§ **Exercise instructions**:
Could you give the data below again, exactly and completely?

§ **Source data**:
========
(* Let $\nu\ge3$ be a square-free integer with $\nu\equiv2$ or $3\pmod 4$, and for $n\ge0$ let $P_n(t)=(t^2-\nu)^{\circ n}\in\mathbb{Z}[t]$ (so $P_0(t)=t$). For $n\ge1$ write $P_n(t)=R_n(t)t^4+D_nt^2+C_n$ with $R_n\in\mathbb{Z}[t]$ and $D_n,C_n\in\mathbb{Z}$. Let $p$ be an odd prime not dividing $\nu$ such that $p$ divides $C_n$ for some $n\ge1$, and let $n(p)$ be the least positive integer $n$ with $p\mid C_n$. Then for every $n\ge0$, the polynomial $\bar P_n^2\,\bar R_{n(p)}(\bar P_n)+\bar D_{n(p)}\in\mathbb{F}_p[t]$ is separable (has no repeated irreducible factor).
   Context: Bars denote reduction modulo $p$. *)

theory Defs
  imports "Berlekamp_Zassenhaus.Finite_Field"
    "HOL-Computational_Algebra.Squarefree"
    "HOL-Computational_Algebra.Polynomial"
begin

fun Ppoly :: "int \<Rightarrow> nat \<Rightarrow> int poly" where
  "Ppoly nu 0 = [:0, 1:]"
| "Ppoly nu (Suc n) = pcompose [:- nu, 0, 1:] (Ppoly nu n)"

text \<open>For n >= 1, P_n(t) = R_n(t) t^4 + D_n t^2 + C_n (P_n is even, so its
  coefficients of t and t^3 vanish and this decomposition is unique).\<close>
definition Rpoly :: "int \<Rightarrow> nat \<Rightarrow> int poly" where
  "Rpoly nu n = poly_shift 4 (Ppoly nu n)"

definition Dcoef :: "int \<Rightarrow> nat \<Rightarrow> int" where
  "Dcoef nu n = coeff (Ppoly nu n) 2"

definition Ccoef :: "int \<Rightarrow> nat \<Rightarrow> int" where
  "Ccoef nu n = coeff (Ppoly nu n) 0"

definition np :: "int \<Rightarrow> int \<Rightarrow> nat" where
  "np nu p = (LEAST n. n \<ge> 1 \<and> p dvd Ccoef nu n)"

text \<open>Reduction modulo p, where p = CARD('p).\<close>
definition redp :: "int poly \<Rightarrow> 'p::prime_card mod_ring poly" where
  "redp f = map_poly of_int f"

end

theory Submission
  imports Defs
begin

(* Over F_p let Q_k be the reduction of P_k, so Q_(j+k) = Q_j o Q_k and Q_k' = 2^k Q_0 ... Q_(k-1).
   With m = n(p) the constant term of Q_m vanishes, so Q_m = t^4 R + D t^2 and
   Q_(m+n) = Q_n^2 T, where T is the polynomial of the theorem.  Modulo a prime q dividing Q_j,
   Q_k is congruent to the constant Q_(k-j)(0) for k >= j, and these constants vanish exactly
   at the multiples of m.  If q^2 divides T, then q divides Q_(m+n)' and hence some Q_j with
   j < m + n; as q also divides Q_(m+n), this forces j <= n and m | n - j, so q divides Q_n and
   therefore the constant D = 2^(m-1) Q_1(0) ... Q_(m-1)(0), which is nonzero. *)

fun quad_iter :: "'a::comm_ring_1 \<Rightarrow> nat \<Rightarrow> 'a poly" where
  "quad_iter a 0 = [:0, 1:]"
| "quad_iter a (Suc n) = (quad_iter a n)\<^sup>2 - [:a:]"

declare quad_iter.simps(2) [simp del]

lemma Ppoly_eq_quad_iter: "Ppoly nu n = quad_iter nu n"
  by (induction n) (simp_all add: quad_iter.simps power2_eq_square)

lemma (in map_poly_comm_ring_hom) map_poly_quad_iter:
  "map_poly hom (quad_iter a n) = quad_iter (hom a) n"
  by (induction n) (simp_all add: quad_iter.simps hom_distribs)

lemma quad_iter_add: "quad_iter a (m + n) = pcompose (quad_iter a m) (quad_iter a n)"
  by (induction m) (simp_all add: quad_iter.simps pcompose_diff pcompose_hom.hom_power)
========
§ **Solution to this problem**:
(* Let $\nu\ge3$ be a square-free integer with $\nu\equiv2$ or $3\pmod 4$, and for $n\ge0$ let $P_n(t)=(t^2-\nu)^{\circ n}\in\mathbb{Z}[t]$ (so $P_0(t)=t$). For $n\ge1$ write $P_n(t)=R_n(t)t^4+D_nt^2+C_n$ with $R_n\in\mathbb{Z}[t]$ and $D_n,C_n\in\mathbb{Z}$. Let $p$ be an odd prime not dividing $\nu$ such that $p$ divides $C_n$ for some $n\ge1$, and let $n(p)$ be the least positive integer $n$ with $p\mid C_n$. Then for every $n\ge0$, the polynomial $\bar P_n^2\,\bar R_{n(p)}(\bar P_n)+\bar D_{n(p)}\in\mathbb{F}_p[t]$ is separable (has no repeated irreducible factor).
   Context: Bars denote reduction modulo $p$. *)

theory Defs
  imports "Berlekamp_Zassenhaus.Finite_Field"
    "HOL-Computational_Algebra.Squarefree"
    "HOL-Computational_Algebra.Polynomial"
begin

fun Ppoly :: "int \<Rightarrow> nat \<Rightarrow> int poly" where
  "Ppoly nu 0 = [:0, 1:]"
| "Ppoly nu (Suc n) = pcompose [:- nu, 0, 1:] (Ppoly nu n)"

text \<open>For n >= 1, P_n(t) = R_n(t) t^4 + D_n t^2 + C_n (P_n is even, so its
  coefficients of t and t^3 vanish and this decomposition is unique).\<close>
definition Rpoly :: "int \<Rightarrow> nat \<Rightarrow> int poly" where
  "Rpoly nu n = poly_shift 4 (Ppoly nu n)"

definition Dcoef :: "int \<Rightarrow> nat \<Rightarrow> int" where
  "Dcoef nu n = coeff (Ppoly nu n) 2"

definition Ccoef :: "int \<Rightarrow> nat \<Rightarrow> int" where
  "Ccoef nu n = coeff (Ppoly nu n) 0"

definition np :: "int \<Rightarrow> int \<Rightarrow> nat" where
  "np nu p = (LEAST n. n \<ge> 1 \<and> p dvd Ccoef nu n)"

text \<open>Reduction modulo p, where p = CARD('p).\<close>
definition redp :: "int poly \<Rightarrow> 'p::prime_card mod_ring poly" where
  "redp f = map_poly of_int f"

end

theory Submission
  imports Defs
begin

(* Over F_p let Q_k be the reduction of P_k, so Q_(j+k) = Q_j o Q_k and Q_k' = 2^k Q_0 ... Q_(k-1).
   With m = n(p) the constant term of Q_m vanishes, so Q_m = t^4 R + D t^2 and
   Q_(m+n) = Q_n^2 T, where T is the polynomial of the theorem.  Modulo a prime q dividing Q_j,
   Q_k is congruent to the constant Q_(k-j)(0) for k >= j, and these constants vanish exactly
   at the multiples of m.  If q^2 divides T, then q divides Q_(m+n)' and hence some Q_j with
   j < m + n; as q also divides Q_(m+n), this forces j <= n and m | n - j, so q divides Q_n and
   therefore the constant D = 2^(m-1) Q_1(0) ... Q_(m-1)(0), which is nonzero. *)

fun quad_iter :: "'a::comm_ring_1 \<Rightarrow> nat \<Rightarrow> 'a poly" where
  "quad_iter a 0 = [:0, 1:]"
| "quad_iter a (Suc n) = (quad_iter a n)\<^sup>2 - [:a:]"

declare quad_iter.simps(2) [simp del]

lemma Ppoly_eq_quad_iter: "Ppoly nu n = quad_iter nu n"
  by (induction n) (simp_all add: quad_iter.simps power2_eq_square)

lemma (in map_poly_comm_ring_hom) map_poly_quad_iter:
  "map_poly hom (quad_iter a n) = quad_iter (hom a) n"
  by (induction n) (simp_all add: quad_iter.simps hom_distribs)

lemma quad_iter_add: "quad_iter a (m + n) = pcompose (quad_iter a m) (quad_iter a n)"
  by (induction m) (simp_all add: quad_iter.simps pcompose_diff pcompose_hom.hom_power)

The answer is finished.